= LISTED ENTRIES =
————————

(* For every $n\in\mathbb{N}$ there exists a directed acyclic graph $D_n$ with $\operatorname{dbw}(D_n)\ge n$.
   Context: For a digraph $D$ and $X\subseteq E(D)$, $S^V_X=\{y: \exists x,z,\ \vec{xy}\in E(D)\setminus X,\ \vec{yz}\in X\}$. The directed branch-width $\operatorname{dbw}(D)$ is the minimum over pairs $(T,\beta)$ ($T$ a tree of maximum degree at most three, $\beta$ a bijection from the leaves of $T$ onto $E(D)$) of the maximum over edges $t$ of $T$ of $|S^V_{\beta(Y)}\cup S^V_{E(D)\setminus\beta(Y)}|$, where $Y$ is the set of leaves on one side of $T-t$ (width 0 if $T$ has no edges). *)

theory Defs
  imports Main
begin

definition is_dag :: "'a set \<Rightarrow> ('a \<times> 'a) set \<Rightarrow> bool" where
  "is_dag V E \<longleftrightarrow> finite V \<and> E \<subseteq> V \<times> V \<and> acyclic E"

definition SV :: "('a \<times> 'a) set \<Rightarrow> ('a \<times> 'a) set \<Rightarrow> 'a set" where
  "SV E X = {y. \<exists>x z. (x, y) \<in> E - X \<and> (y, z) \<in> X}"

definition tadj :: "nat set set \<Rightarrow> (nat \<times> nat) set" where
  "tadj TE = {(u, v). {u, v} \<in> TE}"

definition is_tree :: "nat set \<Rightarrow> nat set set \<Rightarrow> bool" where
  "is_tree N TE \<longleftrightarrow> finite N \<and> N \<noteq> {} \<and>
     (\<forall>e\<in>TE. \<exists>u v. e = {u, v} \<and> u \<noteq> v \<and> u \<in> N \<and> v \<in> N) \<and>
     (\<forall>u\<in>N. \<forall>v\<in>N. (u, v) \<in> (tadj TE)\<^sup>*) \<and>
     (\<forall>e\<in>TE. \<forall>u v. e = {u, v} \<longrightarrow> (u, v) \<notin> (tadj (TE - {e}))\<^sup>*)"

definition tdeg :: "nat set set \<Rightarrow> nat \<Rightarrow> nat" where
  "tdeg TE v = card {e\<in>TE. v \<in> e}"

text \<open>Leaves: nodes of degree at most one (so the single node of a one-node tree is a leaf).\<close>
definition tleaves :: "nat set \<Rightarrow> nat set set \<Rightarrow> nat set" where
  "tleaves N TE = {v\<in>N. tdeg TE v \<le> 1}"

definition is_branch_decomp :: "('a \<times> 'a) set \<Rightarrow> nat set \<Rightarrow> nat set set \<Rightarrow> (nat \<Rightarrow> 'a \<times> 'a) \<Rightarrow> bool" where
  "is_branch_decomp E N TE \<beta> \<longleftrightarrow> is_tree N TE \<and> (\<forall>v\<in>N. tdeg TE v \<le> 3) \<and>
     bij_betw \<beta> (tleaves N TE) E"

definition edge_width :: "('a \<times> 'a) set \<Rightarrow> nat set \<Rightarrow> nat set set \<Rightarrow> (nat \<Rightarrow> 'a \<times> 'a) \<Rightarrow> nat set \<Rightarrow> nat" where
  "edge_width E N TE \<beta> t =
     (let a = (SOME a. \<exists>b. t = {a, b});
          Y = {y \<in> tleaves N TE. (a, y) \<in> (tadj (TE - {t}))\<^sup>*};
          X = \<beta> ` Y
      in card (SV E X \<union> SV E (E - X)))"

definition decomp_width :: "('a \<times> 'a) set \<Rightarrow> nat set \<Rightarrow> nat set set \<Rightarrow> (nat \<Rightarrow> 'a \<times> 'a) \<Rightarrow> nat" where
  "decomp_width E N TE \<beta> = Max (insert 0 (edge_width E N TE \<beta> ` TE))"

definition dbw :: "('a \<times> 'a) set \<Rightarrow> nat" where
  "dbw E = Inf {w. \<exists>N TE \<beta>. is_branch_decomp E N TE \<beta> \<and> w = decomp_width E N TE \<beta>}"

end

theory Submission
  imports Defs
begin

text \<open>Take for D the transitive tournament on p vertices. The tree of a branch decomposition
  is subcubic with one leaf per arc, so once there are at least 3k arcs some tree edge splits
  them into two sets X and E - X of at least k arcs each. A vertex other than the source 0 and
  the sink p - 1 that is off the boundary of this cut has all its arcs on the same side, and any
  two such vertices are adjacent; so one side of the cut consists of arcs between boundary
  vertices, the source and the sink. With k = (n + 1)^2 + 1 this forces at least n boundary
  vertices.\<close>

section \<open>Cuts of the transitive tournament\<close>

definition cut_boundary :: "('a \<times> 'a) set \<Rightarrow> ('a \<times> 'a) set \<Rightarrow> 'a set" where
  "cut_boundary E X = SV E X \<union> SV E (E - X)"

lemma arcs_through_agree:
  assumes "y \<notin> cut_boundary E X" "(x, y) \<in> E" "(y, z) \<in> E"
  shows "(x, y) \<in> X \<longleftrightarrow> (y, z) \<in> X"
  using assms unfolding cut_boundary_def SV_def by blast

lemma finite_cut_boundary:
  assumes "finite E" shows "finite (cut_boundary E X)"
proof -
  have "SV E Y \<subseteq> snd ` E" for Y unfolding SV_def by force
  then show ?thesis
    unfolding cut_boundary_def using assms by (meson finite_Un finite_imageI finite_subset)
qed

definition tournament :: "nat \<Rightarrow> (nat \<times> nat) set" where
  "tournament p = {(i, j). i < j \<and> j < p}"

lemma tournament_subset: "tournament p \<subseteq> {..<p} \<times> {..<p}"
  by (auto simp: tournament_def)

lemma finite_tournament: "finite (tournament p)"
  using tournament_subset by (rule finite_subset) simp

lemma acyclic_tournament: "acyclic (tournament p)"
  by (rule acyclic_subset[OF wf_acyclic[OF wf_less_than]]) (auto simp: tournament_def)

lemma card_tournament_ge: "p - 1 \<le> card (tournament p)"
proof -
  have "(\<lambda>j. (0::nat, j)) ` {1..<p} \<subseteq> tournament p" by (auto simp: tournament_def)
  then have "card ((\<lambda>j. (0::nat, j)) ` {1..<p}) \<le> card (tournament p)"
    using card_mono finite_tournament by blast
  moreover have "card ((\<lambda>j. (0::nat, j)) ` {1..<p}) = p - 1" by (simp add: card_image inj_on_def)
  ultimately show ?thesis by simp
qed

text \<open>An inner vertex y has the in-neighbour 0 and the out-neighbour p - 1; every arc at y
  is compared with (y, p - 1) through one of them.\<close>
lemma tournament_arcs_at_agree:
  assumes y: "y \<notin> cut_boundary (tournament p) X" "0 < y" "y < p - 1"
    and uv: "(u, v) \<in> tournament p" "y \<in> {u, v}"
  shows "(u, v) \<in> X \<longleftrightarrow> (y, p - 1) \<in> X"
proof -
  have out: "(y, p - 1) \<in> tournament p" and into: "(0, y) \<in> tournament p"
    using y by (auto simp: tournament_def)
  show ?thesis
  proof (cases "v = y")
    case True
    then show ?thesis using arcs_through_agree[OF y(1) _ out] uv by auto
  next
    case False
    then have "u = y" using uv by auto
    then show ?thesis using arcs_through_agree[OF y(1) into] out uv by auto
  qed
qed

text \<open>Vertices off the boundary are monochromatic, and two of them are joined by an arc, so
  they all have the same colour; hence all arcs of the other colour lie inside the boundary
  (together with the vertices 0 and p - 1).\<close>
lemma tournament_cut_side_within_boundary:
  assumes "X \<subseteq> tournament p"
  defines "B \<equiv> cut_boundary (tournament p) X \<union> {0, p - 1}"
  shows "X \<subseteq> B \<times> B \<or> tournament p - X \<subseteq> B \<times> B"
proof (rule ccontr)
  have colour: "(u, v) \<in> X \<longleftrightarrow> (y, p - 1) \<in> X" "0 < y" "y < p - 1"
    if "(u, v) \<in> tournament p" "y \<in> {u, v}" "y \<notin> B" for u v y
  proof -
    show "0 < y" "y < p - 1" using that by (auto simp: B_def tournament_def)
    then show "(u, v) \<in> X \<longleftrightarrow> (y, p - 1) \<in> X"
      using tournament_arcs_at_agree that by (auto simp: B_def)
  qed
  assume "\<not> ?thesis"
  then obtain u v u' v' where uv: "(u, v) \<in> X" "\<not> (u \<in> B \<and> v \<in> B)"
    and uv': "(u', v') \<in> tournament p - X" "\<not> (u' \<in> B \<and> v' \<in> B)" by auto
  obtain y where y_at: "y \<in> {u, v}" "y \<notin> B" using uv(2) by auto
  obtain y' where y'_at: "y' \<in> {u', v'}" "y' \<notin> B" using uv'(2) by auto
  have "(u, v) \<in> tournament p" using uv(1) assms(1) by auto
  then have y: "(y, p - 1) \<in> X" "0 < y" "y < p - 1" using colour[OF _ y_at] uv(1) by auto
  have y': "(y', p - 1) \<notin> X" "0 < y'" "y' < p - 1"
    using colour[OF DiffD1[OF uv'(1)] y'_at] uv'(1) by auto
  have "y \<noteq> y'" using y y' by auto
  then have f: "(min y y', max y y') \<in> tournament p"
    using y y' by (auto simp: tournament_def min_def max_def)
  have "y \<in> {min y y', max y y'}" "y' \<in> {min y y', max y y'}" by (auto simp: min_def max_def)
  then show False using colour[OF f _ y_at(2)] colour[OF f _ y'_at(2)] y y' by blast
qed

lemma tournament_cut_boundary_large:
  assumes "X \<subseteq> tournament p" "(n + 1)\<^sup>2 < card X" "(n + 1)\<^sup>2 < card (tournament p - X)"
  shows "n \<le> card (cut_boundary (tournament p) X)"
proof (rule ccontr)
  define B where "B = cut_boundary (tournament p) X \<union> {0, p - 1}"
  assume "\<not> ?thesis"
  moreover have "card {0, p - 1} \<le> 2" by (simp add: card_insert_if)
  ultimately have "card B \<le> n + 1"
    using card_Un_le[of "cut_boundary (tournament p) X" "{0, p - 1}"] unfolding B_def by linarith
  then have "card (B \<times> B) \<le> (n + 1)\<^sup>2"
    unfolding card_cartesian_product power2_eq_square using mult_le_mono by blast
  moreover have "finite (B \<times> B)"
    using finite_cut_boundary[OF finite_tournament] by (simp add: B_def)
  ultimately have small: "card Y \<le> (n + 1)\<^sup>2" if "Y \<subseteq> B \<times> B" for Y
    using that card_mono le_trans by blast
  have "X \<subseteq> B \<times> B \<or> tournament p - X \<subseteq> B \<times> B"
    using tournament_cut_side_within_boundary[OF assms(1)] unfolding B_def .
  then show False using small assms(2,3) by (meson leD)
qed

section \<open>Sides of tree edges\<close>

lemma sym_tadj: "sym (tadj F)"
  by (auto simp: sym_def tadj_def insert_commute)

lemma tadj_reach_sym: "(x, y) \<in> (tadj F)\<^sup>* \<Longrightarrow> (y, x) \<in> (tadj F)\<^sup>*"
  using sym_rtrancl[OF sym_tadj] by (rule symD)

lemma tadj_reach_mono: "F \<subseteq> G \<Longrightarrow> (tadj F)\<^sup>* \<subseteq> (tadj G)\<^sup>*"
  by (rule rtrancl_mono) (auto simp: tadj_def)

lemma tadj_reach_closed:
  assumes "(x, y) \<in> (tadj F)\<^sup>*" "x \<in> C" "\<And>a b. a \<in> C \<Longrightarrow> {a, b} \<in> F \<Longrightarrow> b \<in> C"
  shows "y \<in> C"
  using assms(1,2) by induction (auto simp: tadj_def assms(3))

lemma tadj_reach_avoiding_or_from_end:
  "(x, z) \<in> (tadj F)\<^sup>* \<Longrightarrow>
   (x, z) \<in> (tadj (F - {e}))\<^sup>* \<or> (\<exists>w\<in>e. (w, z) \<in> (tadj (F - {e}))\<^sup>*)"
proof (induction rule: rtrancl_induct)
  case (step y z)
  show ?case
  proof (cases "{y, z} = e")
    case False
    then have "(y, z) \<in> tadj (F - {e})" using step(2) by (auto simp: tadj_def)
    then show ?thesis using step(3) by (meson rtrancl.rtrancl_into_rtrancl)
  qed auto
qed simp

lemma tadj_reach_first_edge:
  "(b, y) \<in> (tadj F)\<^sup>* \<Longrightarrow> y = b \<or> (\<exists>c. {b, c} \<in> F \<and> (c, y) \<in> (tadj (F - {{b, c}}))\<^sup>*)"
proof (induction rule: rtrancl_induct)
  case (step z w)
  have zw: "{z, w} \<in> F" using step(2) by (simp add: tadj_def)
  from step(3) show ?case
  proof
    assume "\<exists>c. {b, c} \<in> F \<and> (c, z) \<in> (tadj (F - {{b, c}}))\<^sup>*"
    then obtain c where c: "{b, c} \<in> F" "(c, z) \<in> (tadj (F - {{b, c}}))\<^sup>*" by blast
    show ?thesis
    proof (cases "{z, w} = {b, c}")
      case False
      then have "(z, w) \<in> tadj (F - {{b, c}})" using zw by (auto simp: tadj_def)
      then show ?thesis using c by (meson rtrancl.rtrancl_into_rtrancl)
    next
      case True
      then show ?thesis using c by (auto simp: doubleton_eq_iff)
    qed
  qed (use zw in auto)
qed simp

lemma finite_tree_nodes: "is_tree N TE \<Longrightarrow> finite N"
  unfolding is_tree_def by (elim conjE)

lemma tree_edges_doubletons:
  "is_tree N TE \<Longrightarrow> \<forall>e\<in>TE. \<exists>u v. e = {u, v} \<and> u \<noteq> v \<and> u \<in> N \<and> v \<in> N"
  unfolding is_tree_def by (elim conjE)

lemma tree_edgeD:
  assumes "is_tree N TE" "{u, v} \<in> TE" shows "u \<noteq> v \<and> u \<in> N \<and> v \<in> N"
proof -
  obtain a b where "{u, v} = {a, b}" "a \<noteq> b" "a \<in> N" "b \<in> N"
    using tree_edges_doubletons assms by blast
  then show ?thesis by (auto simp: doubleton_eq_iff)
qed

lemma tree_edge_bridge:
  assumes "is_tree N TE" "{u, v} \<in> TE" shows "(u, v) \<notin> (tadj (TE - {{u, v}}))\<^sup>*"
proof -
  have "\<forall>e\<in>TE. \<forall>u v. e = {u, v} \<longrightarrow> (u, v) \<notin> (tadj (TE - {e}))\<^sup>*"
    using assms(1) unfolding is_tree_def by (elim conjE)
  then show ?thesis using assms(2) by blast
qed
lemma card_adjacent_arc_sources_pm:
  assumes P: "partition_on (pm n) P"
  shows "int (card {i \<in> adjacent (pm n). i \<in> fst ` arcs P})
    = int (card (arcs P)) - (if -1 \<in> fst ` arcs P then 1 else 0)"
proof -
  have "fst ` arcs P \<subseteq> pm n - {int n}"
    using arcs_subset[OF P] arcs_less by (fastforce simp: pm_def)
  then have "{i \<in> adjacent (pm n). i \<in> fst ` arcs P} = fst ` arcs P - {-1}"
    by (auto simp: adjacent_def pm_def)
  moreover have "finite (fst ` arcs P)"
    using \<open>fst ` arcs P \<subseteq> pm n - {int n}\<close> finite_pm by (meson finite_Diff finite_subset)
  ultimately show ?thesis
    using card_image[OF inj_on_fst_arcs[OF P]] by (simp add: int_card_Diff_singleton)
qed

lemma card_adjacent_arc_targets_pm:
  assumes P: "partition_on (pm n) P"
  shows "int (card {i \<in> adjacent (pm n). i + 1 \<in> snd ` arcs P})
    = int (card (arcs P)) - (if 1 \<in> snd ` arcs P then 1 else 0)"
proof -
  have "snd ` arcs P \<subseteq> pm n - {- int n}"
    using arcs_subset[OF P] arcs_less by (fastforce simp: pm_def)
  have "{i \<in> adjacent (pm n). i + 1 \<in> snd ` arcs P} = (\<lambda>j. j - 1) ` (snd ` arcs P - {1})"
  proof (intro equalityI subsetI)
    fix i assume "i \<in> {i \<in> adjacent (pm n). i + 1 \<in> snd ` arcs P}"
    then have "i + 1 \<in> snd ` arcs P - {1}"
      by (auto simp: adjacent_def pm_def)
    then show "i \<in> (\<lambda>j. j - 1) ` (snd ` arcs P - {1})"
      by (rule rev_image_eqI) simp
  next
    fix i assume "i \<in> (\<lambda>j. j - 1) ` (snd ` arcs P - {1})"
    then obtain j where "j \<in> snd ` arcs P" "j \<noteq> 1" "i = j - 1"
      by blast
    then show "i \<in> {i \<in> adjacent (pm n). i + 1 \<in> snd ` arcs P}"
      using \<open>snd ` arcs P \<subseteq> pm n - {- int n}\<close> by (auto simp: adjacent_def pm_def)
  qed
  moreover have "finite (snd ` arcs P)"
    using \<open>snd ` arcs P \<subseteq> pm n - {- int n}\<close> finite_pm by (meson finite_Diff finite_subset)
  moreover have "inj_on (\<lambda>j::int. j - 1) A" for A
    by (auto intro: inj_onI)
  ultimately show ?thesis
    using card_image[OF inj_on_snd_arcs[OF P]] by (simp add: card_image int_card_Diff_singleton)
qed
lemma conv_assoc: "conv (conv \<rho> \<psi>) \<chi> = conv \<rho> (conv \<psi> \<chi>)"
proof
  fix \<alpha> :: "nat list"
  show "conv (conv \<rho> \<psi>) \<chi> \<alpha> = conv \<rho> (conv \<psi> \<chi>) \<alpha>"
  proof (cases "is_comp \<alpha>")
    case True
    define n where "n = length \<alpha>"
    define g where "g i j = \<rho> (take i \<alpha>) * \<psi> (take j (drop i \<alpha>)) * \<chi> (drop (i + j) \<alpha>)" for i j
    have "conv (conv \<rho> \<psi>) \<chi> \<alpha> = (\<Sum>k\<le>n. \<Sum>i\<le>k. g i (k - i))"
      using True
      by (auto simp: conv_def g_def n_def min_def sum_distrib_right take_drop intro!: sum.cong)
    also have "\<dots> = (\<Sum>(i, j)\<in>{(i, j). i + j \<le> n}. g i j)"
      by (rule sum.triangle_reindex_eq[symmetric])
    also have "\<dots> = (\<Sum>(i, j)\<in>(SIGMA i:{..n}. {..n - i}). g i j)"
      by (rule sum.cong) auto
    also have "\<dots> = conv \<rho> (conv \<psi> \<chi>) \<alpha>"
      using True
      by (simp add: sum.Sigma conv_def g_def n_def sum_distrib_left mult.assoc add.commute)
    finally show ?thesis .
  qed simp
qed

text \<open>Functionals on QSym \<otimes> QSym, given by their values on M_u \<otimes> M_v: \<open>conv_tensor\<close> is
  their convolution, \<open>comp_mult \<phi>\<close> is \<phi> composed with the product and \<open>tensor \<rho> \<psi>\<close> is
  \<rho> \<otimes> \<psi>.\<close>

definition conv_tensor :: "(nat list \<Rightarrow> nat list \<Rightarrow> 'a::field) \<Rightarrow> (nat list \<Rightarrow> nat list \<Rightarrow> 'a)
    \<Rightarrow> nat list \<Rightarrow> nat list \<Rightarrow> 'a" where
  "conv_tensor X Y u v =
     (\<Sum>j\<le>length u. \<Sum>k\<le>length v. X (take j u) (take k v) * Y (drop j u) (drop k v))"

definition comp_mult :: "(nat list \<Rightarrow> 'a::field) \<Rightarrow> nat list \<Rightarrow> nat list \<Rightarrow> 'a" where
  "comp_mult \<phi> u v = (\<Sum>\<gamma>\<in>#qsh u v. \<phi> \<gamma>)"

definition tensor :: "(nat list \<Rightarrow> 'a::field) \<Rightarrow> (nat list \<Rightarrow> 'a) \<Rightarrow> nat list \<Rightarrow> nat list \<Rightarrow> 'a" where
  "tensor \<rho> \<psi> u v = \<rho> u * \<psi> v"

lemma comp_mult_conv:
  assumes "is_comp u" "is_comp v"
  shows "comp_mult (conv \<rho> \<psi>) u v = conv_tensor (comp_mult \<rho>) (comp_mult \<psi>) u v"
proof -
  have "comp_mult (conv \<rho> \<psi>) u v
      = (\<Sum>\<gamma>\<in>#qsh u v. \<Sum>i\<le>length \<gamma>. \<rho> (take i \<gamma>) * \<psi> (drop i \<gamma>))"
    unfolding comp_mult_def using is_comp_qsh assms
    by (intro arg_cong[where f=sum_mset] image_mset_cong) (simp add: conv_def)
  also have "\<dots> = conv_tensor (comp_mult \<rho>) (comp_mult \<psi>) u v"
    unfolding sum_qsh_deconcat[where f="\<lambda>x y. \<rho> x * \<psi> y"] conv_tensor_def comp_mult_def
      sum_mset_distrib_right
    by (simp only: sum_mset_distrib_left)
  finally show ?thesis .
qed

lemma conv_tensor_tensor:
  assumes "is_comp u" "is_comp v"
  shows "conv_tensor (tensor \<rho> \<rho>') (tensor \<psi> \<psi>') u v = conv \<rho> \<psi> u * conv \<rho>' \<psi>' v"
  using assms by (simp add: conv_tensor_def tensor_def conv_def sum_product mult_ac)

————————

Exact reproduction of the lines from the top of the material through the line where "set \<Rightarrow> (nat \<times>" appears is required, both boundary lines included, with no other output.

= ANSWER TO THIS EXERCISE =
(* For every $n\in\mathbb{N}$ there exists a directed acyclic graph $D_n$ with $\operatorname{dbw}(D_n)\ge n$.
   Context: For a digraph $D$ and $X\subseteq E(D)$, $S^V_X=\{y: \exists x,z,\ \vec{xy}\in E(D)\setminus X,\ \vec{yz}\in X\}$. The directed branch-width $\operatorname{dbw}(D)$ is the minimum over pairs $(T,\beta)$ ($T$ a tree of maximum degree at most three, $\beta$ a bijection from the leaves of $T$ onto $E(D)$) of the maximum over edges $t$ of $T$ of $|S^V_{\beta(Y)}\cup S^V_{E(D)\setminus\beta(Y)}|$, where $Y$ is the set of leaves on one side of $T-t$ (width 0 if $T$ has no edges). *)

theory Defs
  imports Main
begin

definition is_dag :: "'a set \<Rightarrow> ('a \<times> 'a) set \<Rightarrow> bool" where
  "is_dag V E \<longleftrightarrow> finite V \<and> E \<subseteq> V \<times> V \<and> acyclic E"

definition SV :: "('a \<times> 'a) set \<Rightarrow> ('a \<times> 'a) set \<Rightarrow> 'a set" where
  "SV E X = {y. \<exists>x z. (x, y) \<in> E - X \<and> (y, z) \<in> X}"

definition tadj :: "nat set set \<Rightarrow> (nat \<times> nat) set" where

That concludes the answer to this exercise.